Если «театр начинается с вешалки», то город – с вокзала». Когда поднимаешься вверх из-под гнетущих сводов старинного иркутского вокзала, то оказываешься не на просторной привокзальной площади, как в других городах, а на узком, кишкой закрученном проезде, суетливо шумном, невероятно грязном. По глубоким колдобинам привокзального проезда, поднимая пыль и разбрызгивая грязь, с грохотом катят грузовики и подводы. Такое сочетание не просыхающей грязи и не намокающей пыли, -- только в Иркутске!

На автобусной остановке, я терпеливо опыляюсь и обрызгиваюсь в ожидании автобуса в поселок Горького, за Иркутом, где живет Ира. Гениальные творцы автобусной остановки учли особенности сибирской погоды: на случай дождя – отсутствие крыши, на случай мороза – железные сидения, на случай ветра и пыли – декоративные проёмы в стенках. Изучив архитектурные прелести остановки, иду пешком. До этого видел я только центр города, застроенный старинными массивными домами, похожими на резные дубовые комоды, обожаемые бабушками позапрошлых столетий. По пути от вокзала до поселка вижу советскую застройку Иркутска: крупнощелевые двухэтажные бараки, вперемешку с самодельными лачугами. Неряшливые, не крашеные заборы, покосившиеся столбы уличного освещения, --всё покрыто многолетним слоем серой грязи. А берегакрасавицы Ангары, в пределах города, плотно застроены уныло смердящими производственными зданиями, серыми складскими помещениями, загорожены бесконечными заборами, за которыми угрюмо чернеют гниющие горы утильдерьма и металлохлама собранные правнуками Кучума.

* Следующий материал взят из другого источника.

lemma div_mult_div_approx:
  assumes "d > 0" "e > 0"
  shows "\<bar>real (N div d) * real (N div e) - real N ^ 2 / (real d * real e)\<bar>
           \<le> real N / real d + real N / real e"
proof -
  define x y where "x = real N / real d" and "y = real N / real e"
  define q1 q2 where "q1 = real (N div d)" and "q2 = real (N div e)"
  note bounds = real_div_bounds[OF assms(1), of N, folded x_def q1_def]
    real_div_bounds[OF assms(2), of N, folded y_def q2_def]
  have "0 \<le> x" "0 \<le> q2"
    by (simp_all add: x_def q2_def)
  then have "0 \<le> x * (y - q2)" "x * (y - q2) \<le> x" "0 \<le> q2 * (x - q1)" "q2 * (x - q1) \<le> q2"
    using bounds by (auto intro: mult_left_le)
  moreover have "real N ^ 2 / (real d * real e) - q1 * q2 = x * (y - q2) + q2 * (x - q1)"
    by (simp add: x_def y_def power2_eq_square algebra_simps)
  ultimately have "\<bar>q1 * q2 - real N ^ 2 / (real d * real e)\<bar> \<le> x + y"
    using bounds unfolding abs_le_iff by linarith
  then show ?thesis
    by (simp only: q1_def q2_def x_def y_def)
qed

lemma LIMSEQ_harm_div: "(\<lambda>N. harm N / real N :: real) \<longlonglongrightarrow> 0"
proof -
  have "(\<lambda>N. (harm N - ln (real N)) * (1 / real N) + ln (real N) / real N :: real)
          \<longlonglongrightarrow> euler_mascheroni * 0 + 0"
    by (intro tendsto_intros euler_mascheroni_LIMSEQ)
  then show ?thesis
    by (simp add: diff_divide_distrib)
qed

lemma tendsto_by_error_bound:
  fixes f g :: "'a \<Rightarrow> 'b::real_normed_vector"
  assumes "eventually (\<lambda>x. norm (f x - g x) \<le> e x) F" "(e \<longlongrightarrow> 0) F" "(g \<longlongrightarrow> L) F"
  shows "(f \<longlongrightarrow> L) F"
  using Lim_transform[OF assms(3) Lim_null_comparison[OF assms(1,2)]] .

lemma summable_zeta_nat:
  assumes "s \<ge> 2"
  shows "summable (\<lambda>n. 1 / real (Suc n) ^ s)"
proof -
  have "summable (\<lambda>n. inverse (real n ^ s))"
    by (rule inverse_power_summable[OF assms])
  then show ?thesis
    by (subst (asm) summable_Suc_iff[symmetric]) (simp add: divide_inverse)
qed

text \<open>The tail \<open>\<Sum>k>K. 1/k^s\<close> is dominated by the telescoping series \<open>\<Sum>k>K. 1/(k-1) - 1/k\<close>.\<close>

lemma zeta_nat_tail_bounds:
  assumes s: "s \<ge> 2" and K: "K \<ge> 1"
  shows "0 \<le> zeta_nat s - (\<Sum>k=1..K. 1 / real k ^ s)"
    and "zeta_nat s - (\<Sum>k=1..K. 1 / real k ^ s) \<le> 1 / real K"
proof -
  define g where "g n = 1 / real (Suc n) ^ s" for n
  define h where "h n = 1 / real (n + K)" for n
  have "zeta_nat s = (\<Sum>n. g (n + K)) + (\<Sum>n<K. g n)"
    unfolding zeta_nat_def g_def
    by (rule suminf_split_initial_segment[OF summable_zeta_nat[OF s]])
  moreover have "(\<Sum>k=1..K. 1 / real k ^ s) = (\<Sum>n<K. g n)"
    unfolding g_def by (induction K) (auto simp: atLeastAtMostSuc_conv)
  ultimately have tail: "zeta_nat s - (\<Sum>k=1..K. 1 / real k ^ s) = (\<Sum>n. g (n + K))"
    by simp
  have summable_tail: "summable (\<lambda>n. g (n + K))"
    unfolding g_def by (rule summable_ignore_initial_segment[OF summable_zeta_nat[OF s]])
  show "0 \<le> zeta_nat s - (\<Sum>k=1..K. 1 / real k ^ s)"
    unfolding tail by (rule suminf_nonneg[OF summable_tail]) (simp add: g_def)
  have "h \<longlonglongrightarrow> 0"
    unfolding h_def by real_asymp
  then have telescope: "(\<lambda>n. h n - h (Suc n)) sums h 0"
    using telescope_sums' by fastforce
  have "g (n + K) \<le> h n - h (Suc n)" for n
  proof -
    define x where "x = real (n + K)"
    have x: "x \<ge> 1" using K by (simp add: x_def)
    have "x * (x + 1) \<le> (x + 1) ^ 2"
      using x by (simp add: power2_eq_square)
    also have "\<dots> \<le> (x + 1) ^ s"
      using x s by (intro power_increasing) auto
    finally have "1 / (x + 1) ^ s \<le> 1 / (x * (x + 1))"
      using x by (intro frac_le) auto
    moreover have "h n - h (Suc n) = 1 / (x * (x + 1))"
      using x by (simp add: h_def x_def field_simps)
    ultimately show ?thesis
      by (simp add: g_def x_def add_ac)
  qed
  then have "(\<Sum>n. g (n + K)) \<le> h 0"
    using suminf_le[OF _ summable_tail sums_summable[OF telescope]] sums_unique[OF telescope]
    by simp
  then show "zeta_nat s - (\<Sum>k=1..K. 1 / real k ^ s) \<le> 1 / real K"
    unfolding tail by (simp add: h_def)
qed

definition moebius_partial_sum :: "nat \<Rightarrow> nat \<Rightarrow> real" where
  "moebius_partial_sum s D = (\<Sum>d=1..D. moebius_mu d / real d ^ s)"

lemma moebius_zeta_truncated_product:
  assumes "D \<ge> 1"
  shows "(\<Sum>d=1..D. moebius_mu d / real d ^ s * (\<Sum>k=1..D div d. 1 / real k ^ s)) = 1"
proof -
  have divisor_sum: "(\<Sum>d=1..D. if d dvd n then moebius_mu d else 0) = (if n = 1 then 1 else 0)"
    if "n \<in> {1..D}" for n
  proof -
    have "{d\<in>{1..D}. d dvd n} = {d. d dvd n}"
      using that by (auto dest: dvd_imp_le intro: dvd_pos_nat)
    then show ?thesis
      using that by (simp add: sum.inter_filter[symmetric] sum_moebius_mu_divisors)
  qed
  have "(\<Sum>d=1..D. moebius_mu d / real d ^ s * (\<Sum>k=1..D div d. 1 / real k ^ s))
      = (\<Sum>d=1..D. \<Sum>k=1..D div d. moebius_mu d / real (d * k) ^ s)"
    by (simp add: sum_distrib_left power_mult_distrib)
  also have "\<dots> = (\<Sum>d=1..D. \<Sum>n=1..D. if d dvd n then moebius_mu d / real n ^ s else 0)"
    by (intro sum.cong refl sum_over_multiples[symmetric]) auto
  also have "\<dots> = (\<Sum>n=1..D. \<Sum>d=1..D. if d dvd n then moebius_mu d / real n ^ s else 0)"
    by (rule sum.swap)
  also have "\<dots> = (\<Sum>n=1..D. 1 / real n ^ s * (\<Sum>d=1..D. if d dvd n then moebius_mu d else 0))"
    by (simp add: sum_distrib_left if_distrib cong: if_cong)
  also have "\<dots> = (\<Sum>n=1..D. if n = 1 then 1 else 0)"
    by (intro sum.cong refl) (simp only: divisor_sum, simp)
  also have "\<dots> = 1"
    using assms by simp
  finally show ?thesis .
qed

lemma moebius_zeta_tail_term_le:
  assumes s: "s \<ge> 2" and d: "1 \<le> d" "d \<le> D"
  shows "\<bar>moebius_mu d / real d ^ s * (zeta_nat s - (\<Sum>k=1..D div d. 1 / real k ^ s))\<bar>
           \<le> 2 / real D * inverse (real d)"
proof -
  define q where "q = D div d"
  have q: "q \<ge> 1"
    using d unfolding q_def by (simp add: Suc_le_eq div_greater_zero_iff)
  have "d * q + D mod d = D" "D mod d < d" "d \<le> d * q"
    using d q by (simp_all add: q_def)
  then have "D \<le> 2 * d * q"
    by linarith
  then have D_le: "real D \<le> 2 * real d * real q"
    by (metis of_nat_le_iff of_nat_mult of_nat_numeral)
  have "\<bar>moebius_mu d / real d ^ s\<bar> \<le> 1 / real d ^ s"
    by (simp add: divide_right_mono abs_moebius_mu_le)
  also have "\<dots> \<le> 1 / real d ^ 2"
    using d s by (intro divide_left_mono power_increasing) auto
  finally have "\<bar>moebius_mu d / real d ^ s * (zeta_nat s - (\<Sum>k=1..q. 1 / real k ^ s))\<bar>
      \<le> 1 / real d ^ 2 * (1 / real q)"
    unfolding abs_mult using zeta_nat_tail_bounds[OF s q] by (intro mult_mono) auto
  also have "\<dots> \<le> 2 / real D * inverse (real d)"
    using D_le d q by (simp add: field_simps power2_eq_square)
  finally show ?thesis
    by (simp add: q_def)
qed

lemma moebius_partial_sum_zeta_approx:
  assumes s: "s \<ge> 2" and D: "D \<ge> 1"
  shows "\<bar>moebius_partial_sum s D * zeta_nat s - 1\<bar> \<le> 2 * harm D / real D"
proof -
  have "moebius_partial_sum s D * zeta_nat s - 1
      = (\<Sum>d=1..D. moebius_mu d / real d ^ s * zeta_nat s)
        - (\<Sum>d=1..D. moebius_mu d / real d ^ s * (\<Sum>k=1..D div d. 1 / real k ^ s))"
    unfolding moebius_zeta_truncated_product[OF D] moebius_partial_sum_def
    by (simp add: sum_distrib_right)
  also have "\<dots> = (\<Sum>d=1..D. moebius_mu d / real d ^ s * (zeta_nat s - (\<Sum>k=1..D div d. 1 / real k ^ s)))"
    by (simp add: sum_subtractf[symmetric] right_diff_distrib)
  also have "\<bar>\<dots>\<bar> \<le> (\<Sum>d=1..D. 2 / real D * inverse (real d))"
    using moebius_zeta_tail_term_le[OF s] by (intro order.trans[OF sum_abs] sum_mono) auto
  also have "\<dots> = 2 * harm D / real D"
    by (simp add: harm_def sum_distrib_left sum_divide_distrib)
  finally show ?thesis .
qed

theorem LIMSEQ_moebius_partial_sum:
  assumes "s \<ge> 2"
  shows "moebius_partial_sum s \<longlonglongrightarrow> 1 / zeta_nat s"
proof -
  have "\<forall>\<^sub>F D in sequentially.
          norm (moebius_partial_sum s D * zeta_nat s - 1) \<le> 2 * harm D / real D"
    using eventually_ge_at_top[of 1]
    by eventually_elim (use moebius_partial_sum_zeta_approx[OF assms] in auto)
  moreover have "(\<lambda>D. 2 * harm D / real D) \<longlonglongrightarrow> 0"
    using tendsto_mult_right_zero[OF LIMSEQ_harm_div, of 2] by simp
  ultimately have product: "(\<lambda>D. moebius_partial_sum s D * zeta_nat s) \<longlonglongrightarrow> 1"
    by (rule tendsto_by_error_bound) simp
  have "zeta_nat s \<noteq> 0"
  proof
    assume "zeta_nat s = 0"
    with product show False
      by (simp add: LIMSEQ_const_iff)
  qed
  then show ?thesis
    using tendsto_divide[OF product tendsto_const[of "zeta_nat s"]] by simp
qed

definition visible_indicator :: "nat \<Rightarrow> nat \<Rightarrow> nat \<Rightarrow> real" where
  "visible_indicator b n m = (if 0 < n \<and> 0 < m \<and> b_visible b n m then 1 else 0)"

lemma visible_indicator_moebius:
  assumes "0 < n" "n \<le> N" "0 < m"
  shows "visible_indicator b n m
           = (\<Sum>d=1..N. if d dvd n \<and> d ^ b dvd m then moebius_mu d else 0)"
proof -
  have "{d\<in>{1..N}. d dvd n \<and> d ^ b dvd m} = {d. d dvd gcd_b b n m}"
    using assms by (auto simp: dvd_gcd_b_iff dest: dvd_imp_le)
  then have "(\<Sum>d=1..N. if d dvd n \<and> d ^ b dvd m then moebius_mu d else 0)
      = (\<Sum>d | d dvd gcd_b b n m. moebius_mu d)"
    by (simp add: sum.inter_filter[symmetric])
  also have "\<dots> = (if gcd_b b n m = 1 then 1 else 0)"
    by (rule sum_moebius_mu_divisors[OF gcd_b_greatest(1)[OF assms(1)]])
  finally show ?thesis
    using assms by (simp add: visible_indicator_def b_visible_def)
qed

На окраине города, за глинисто-мутным Иркутом, стучу я в покоробленную и просевшую от времени дверь ветхого домика. В ответ домик начинает содрогаться от внутренних тектонически грозных толчков. От одного из них забухшая дверь распахивается и с такой силой, что я едва успеваю отскочить, чтобы не скатиться кубарем с высокого крыльца. На пороге двери в темном дверном проеме, стоит, светясь радостной улыбкой, невысокая, тоненькая девушка. Впрочем, сперва вижу я только широко и доверчиво распахнутые глазищи, потом – улыбку.

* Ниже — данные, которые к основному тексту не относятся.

lemma double_coset_meets_X_beta:
  assumes "x \<in> Waff N"
  shows "\<exists>u v. u \<in> Wbar N \<and> v \<in> Wbar_beta N \<beta> \<and> wmult (\<lambda>_. 0, u) (wmult x (\<lambda>_. 0, v)) \<in> X_beta N \<beta>"
proof -
  obtain \<eta> w where x: "x = (\<eta>, w)" and \<eta>: "\<forall>j\<ge>N. \<eta> j = 0" and w: "w permutes {0..<N}"
    using assms by (auto simp: Waff_def Pbar_def Wbar_def)
  obtain v where v: "v \<in> Wbar_beta N \<beta>" and sorted: "sorted_on_blocks \<beta> ((\<eta> \<circ> w) \<circ> v)"
    using ex_Wbar_beta_sorted_on_blocks by blast
  have vp: "v permutes {0..<N}"
    using Wbar_beta_block_preserving[OF v] by (simp add: block_preserving_def)
  define l where "l = \<eta> \<circ> w \<circ> v"
  define \<sigma> where "\<sigma> = rank_perm N (position_key l)"
  define u where "u = \<sigma> \<circ> inv v \<circ> inv w"
  have \<sigma>: "\<sigma> permutes {0..<N}"
    unfolding \<sigma>_def by (rule rank_perm_permutes[OF inj_on_subset[OF inj_position_key subset_UNIV]])
  have u: "u permutes {0..<N}"
    unfolding u_def by (intro permutes_compose permutes_inv w vp \<sigma>)
  have "u \<circ> w \<circ> v = \<sigma>"
    by (simp add: u_def comp_assoc permutes_inv_o(2)[OF w] permutes_inv_o(2)[OF vp])
  moreover have "inv u = w \<circ> v \<circ> inv \<sigma>"
    by (rule inv_unique_comp)
      (simp_all add: u_def fun_eq_iff permutes_inverses[OF w] permutes_inverses[OF vp] permutes_inverses[OF \<sigma>])
  ultimately have "wmult (\<lambda>_. 0, u) (wmult x (\<lambda>_. 0, v)) = (l \<circ> inv \<sigma>, \<sigma>)"
    by (simp add: x wmult_double_coset l_def comp_assoc)
  moreover have "(l \<circ> inv \<sigma>, \<sigma>) \<in> X_beta N \<beta>"
    unfolding \<sigma>_def
  proof (rule rank_perm_mem_X_beta)
    show "sorted_on_blocks \<beta> l"
      using sorted by (simp add: l_def comp_assoc)
    show "\<forall>j\<ge>N. l j = 0"
      using \<eta> permutes_not_in[OF w] permutes_not_in[OF vp] by (simp add: l_def)
  qed
  ultimately show ?thesis
    using u v unfolding Wbar_def mem_Collect_eq by metis
qed

lemma double_coset_X_beta_unique:
  assumes u1: "u1 \<in> Wbar N" and v1: "v1 \<in> Wbar_beta N \<beta>"
    and u2: "u2 \<in> Wbar N" and v2: "v2 \<in> Wbar_beta N \<beta>"
    and x1: "wmult (\<lambda>_. 0, u1) (wmult x (\<lambda>_. 0, v1)) \<in> X_beta N \<beta>"
    and x2: "wmult (\<lambda>_. 0, u2) (wmult x (\<lambda>_. 0, v2)) \<in> X_beta N \<beta>"
  shows "wmult (\<lambda>_. 0, u1) (wmult x (\<lambda>_. 0, v1)) = wmult (\<lambda>_. 0, u2) (wmult x (\<lambda>_. 0, v2))"
proof -
  obtain \<eta> w where x: "x = (\<eta>, w)"
    by (cases x)
  have composed: "(\<eta> \<circ> inv u) \<circ> (u \<circ> w \<circ> v) = (\<eta> \<circ> w) \<circ> v"
    if "u \<in> Wbar N" for u v :: "nat \<Rightarrow> nat"
    using permutes_inverses(2)[of u "{0..<N}"] that by (simp add: Wbar_def fun_eq_iff)
  have sorted: "sorted_on_blocks \<beta> ((\<eta> \<circ> w) \<circ> v)"
    if "u \<in> Wbar N" and "wmult (\<lambda>_. 0, u) (wmult x (\<lambda>_. 0, v)) \<in> X_beta N \<beta>" for u v
  proof -
    have "(\<eta> \<circ> inv u, u \<circ> w \<circ> v) \<in> X_beta N \<beta>"
      using that(2) by (simp add: x wmult_double_coset)
    then have "sorted_on_blocks \<beta> ((\<eta> \<circ> inv u) \<circ> (u \<circ> w \<circ> v))"
      by (rule X_beta_sorted_on_blocks)
    then show ?thesis
      by (simp only: composed[OF that(1)])
  qed
  have "(\<eta> \<circ> w) \<circ> v1 = (\<eta> \<circ> w) \<circ> v2"
    using sorted[OF u1 x1] sorted[OF u2 x2]
      Wbar_beta_block_preserving[OF v1] Wbar_beta_block_preserving[OF v2]
    by (intro sorted_on_blocks_rearrangement_eq)
  then have "(\<eta> \<circ> inv u1, u1 \<circ> w \<circ> v1) = (\<eta> \<circ> inv u2, u2 \<circ> w \<circ> v2)"
    using x1 x2 by (intro X_beta_eqI) (simp_all add: x wmult_double_coset composed[OF u1] composed[OF u2])
  then show ?thesis
    by (simp add: x wmult_double_coset)
qed

end

theorem proposition2p13:
  fixes N :: nat and \<beta> :: "nat list"
  assumes "N \<ge> 2" and "ordered_partition N \<beta>"
  shows "X_beta N \<beta> \<subseteq> Waff N
    \<and> (\<forall>x \<in> Waff N. \<exists>!y. y \<in> X_beta N \<beta> \<and>
          (\<exists>u v. u \<in> Wbar N \<and> v \<in> Wbar_beta N \<beta> \<and>
                 y = wmult (\<lambda>_. 0, u) (wmult x (\<lambda>_. 0, v))))
    \<and> X_beta N \<beta> \<subseteq> W_beta N \<beta>"
proof -
  interpret blocks N \<beta>
    using assms(2) by unfold_locales (simp add: ordered_partition_def)
  have "\<exists>!y. y \<in> X_beta N \<beta> \<and> (\<exists>u v. u \<in> Wbar N \<and> v \<in> Wbar_beta N \<beta> \<and>
      y = wmult (\<lambda>_. 0, u) (wmult x (\<lambda>_. 0, v)))" if "x \<in> Waff N" for x
    using double_coset_meets_X_beta[OF that] double_coset_X_beta_unique by blast
  then show ?thesis
    using X_beta_subset_Waff X_beta_subset_W_beta by blast
qed

end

-- Здравствуй, мальчик! Извини… дверь не заперта, но…

-- Здравствуйте… Вы – Ира?

-- Ну, конечно же! Заходи в дом!

Войдя, попадаю в обстановку доброжелательного уюта. В доме всё скромно, даже – бедно, но так чисто, опрятно и в таком милом удобном беспорядке, который лучше всего говорит о том, что люди здесь живут, а вещи им преданно служат. В домике -- культ заботливой женщины, а не красивых вещей, порабощающих хозяев. Как много людей думают, что дорогие вещи украшают их духовную нищету! Здесь каждая вещь необходима и готова послужить. Скромные вещи стоят не на показ, а в удобном месте, не выпячиваясь кичливо, не притесняя человека, не мешая ему жить. От этого в доме уютно и радостно. И электросчётчик на кухне мурлыкает свою электрическую песенку, как ласковый котёнок.

-- Садитесь, тут удобнее… не стесняйтесь, а то я тоже застесняюсь… наверное, мы знакомы, хотя и заочно. Вы – Саша? -- И вдруг радостный свет гаснет в серых глазищах -- они темнеют, как озера от набежавшей на небо тучки. Лобик Иры озабоченно хмурится, а в голосе – тревога:

-- А где Коля? Что случилось??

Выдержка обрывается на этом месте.